• **Dataset records**
lemma incr_sum_bound_step_Suc_level:
  assumes IH: "\<And>j T s l. 0 < l \<Longrightarrow> finite T \<Longrightarrow> T \<subseteq> lattice j \<Longrightarrow> separated T l \<Longrightarrow>
      incr_sum G T s l \<le> incr_bound p n j l"
    and l: "0 < l" and T: "finite T" "T \<subseteq> lattice (Suc j)" "separated T l"
  shows "incr_sum G T s l \<le> incr_bound p (Suc n) (Suc j) l"
proof -
  define u where "u = l * 4^Suc j"
  define K where "K = holder_rate p ^ n"
  define r where "r = odds p"
  have "0 < u" "0 < r" using l p_pos p_less_1 by (simp_all add: u_def r_def odds_def)
  have scale: "4*l * 4^j = u" "l/4 * 4^Suc (Suc j) = u" by (simp_all add: u_def)
  have coarse: "incr_sum G ((\<lambda>t. 4*t) ` T) (4 * s) (4*l) \<le> modulus p u + K * (r^j / (2*u))"
    using IH[of "4*l" "(\<lambda>t. 4*t) ` T" j "4 * s"] l T lattice_times_4 separated_scale[OF T(3), of 4]
    by (simp add: incr_bound_def scale K_def r_def)
  have same: "incr_sum G T s' l \<le> modulus p u + K * (r^Suc j / (2*u))" for s'
    using IH[of l T "Suc j" s'] l T by (simp add: incr_bound_def u_def K_def r_def)
  have finer: "incr_sum G ((\<lambda>t. t/4) ` T) ((s-3)/4) (l/4)
      \<le> modulus p u + K * (r^Suc (Suc j) / (2*u))"
    using IH[of "l/4" "(\<lambda>t. t/4) ` T" "Suc (Suc j)" "(s-3)/4"] l T lattice_div_4 separated_div_4
    unfolding incr_bound_def scale by (simp add: K_def r_def)
  have "incr_sum G T s l = (1-p)^2 * incr_sum G ((\<lambda>t. 4*t) ` T) (4 * s) (4*l)
     + p*(1-p) * incr_sum G T (s - 1/2) l + p*(1-p) * incr_sum G T (s - 1) l
     + p^2 * incr_sum G ((\<lambda>t. t/4) ` T) ((s-3)/4) (l/4)"
    by (rule incr_sum_two_step[OF T(1)])
  also have "\<dots> \<le> (1-p)^2 * (modulus p u + K * (r^j / (2*u)))
        + p*(1-p) * (modulus p u + K * (r^Suc j / (2*u)))
        + p*(1-p) * (modulus p u + K * (r^Suc j / (2*u)))
        + p^2 * (modulus p u + K * (r^Suc (Suc j) / (2*u)))"
    using coarse same finer p_pos p_less_1 by (intro add_mono mult_left_mono) auto
  also have "\<dots> = modulus p u + K * (4*p*(1-p) * (r^Suc j / (2*u)))"
    using \<open>0 < u\<close> p_pos unfolding r_def odds_def by (simp add: field_simps power2_eq_square)
  also have "\<dots> \<le> modulus p u + K * (holder_rate p * (r^Suc j / (2*u)))"
  proof -
    have "0 \<le> r^Suc j / (2*u)" using \<open>0 < u\<close> \<open>0 < r\<close> by simp
    then have "4*p*(1-p) * (r^Suc j / (2*u)) \<le> holder_rate p * (r^Suc j / (2*u))"
      by (rule mult_right_mono[OF holder_rate_ge(1)])
    then show ?thesis using holder_rate_nonneg[OF p_pos p_less_1]
      by (intro add_left_mono mult_left_mono) (simp_all add: K_def)
  qed
  finally show ?thesis by (simp add: incr_bound_def u_def K_def r_def mult_ac)
qed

• **Task description**
Retype the first line of the entries and every line after it, please, through the line that contains "by (rule incr_sum_two_step[OF T(1)])". Add nothing.

• **Result of this exercise**
lemma incr_sum_bound_step_Suc_level:
  assumes IH: "\<And>j T s l. 0 < l \<Longrightarrow> finite T \<Longrightarrow> T \<subseteq> lattice j \<Longrightarrow> separated T l \<Longrightarrow>
      incr_sum G T s l \<le> incr_bound p n j l"
    and l: "0 < l" and T: "finite T" "T \<subseteq> lattice (Suc j)" "separated T l"
  shows "incr_sum G T s l \<le> incr_bound p (Suc n) (Suc j) l"
proof -
  define u where "u = l * 4^Suc j"
  define K where "K = holder_rate p ^ n"
  define r where "r = odds p"
  have "0 < u" "0 < r" using l p_pos p_less_1 by (simp_all add: u_def r_def odds_def)
  have scale: "4*l * 4^j = u" "l/4 * 4^Suc (Suc j) = u" by (simp_all add: u_def)
  have coarse: "incr_sum G ((\<lambda>t. 4*t) ` T) (4 * s) (4*l) \<le> modulus p u + K * (r^j / (2*u))"
    using IH[of "4*l" "(\<lambda>t. 4*t) ` T" j "4 * s"] l T lattice_times_4 separated_scale[OF T(3), of 4]
    by (simp add: incr_bound_def scale K_def r_def)
  have same: "incr_sum G T s' l \<le> modulus p u + K * (r^Suc j / (2*u))" for s'
    using IH[of l T "Suc j" s'] l T by (simp add: incr_bound_def u_def K_def r_def)
  have finer: "incr_sum G ((\<lambda>t. t/4) ` T) ((s-3)/4) (l/4)
      \<le> modulus p u + K * (r^Suc (Suc j) / (2*u))"
    using IH[of "l/4" "(\<lambda>t. t/4) ` T" "Suc (Suc j)" "(s-3)/4"] l T lattice_div_4 separated_div_4
    unfolding incr_bound_def scale by (simp add: K_def r_def)
  have "incr_sum G T s l = (1-p)^2 * incr_sum G ((\<lambda>t. 4*t) ` T) (4 * s) (4*l)
     + p*(1-p) * incr_sum G T (s - 1/2) l + p*(1-p) * incr_sum G T (s - 1) l
     + p^2 * incr_sum G ((\<lambda>t. t/4) ` T) ((s-3)/4) (l/4)"
    by (rule incr_sum_two_step[OF T(1)])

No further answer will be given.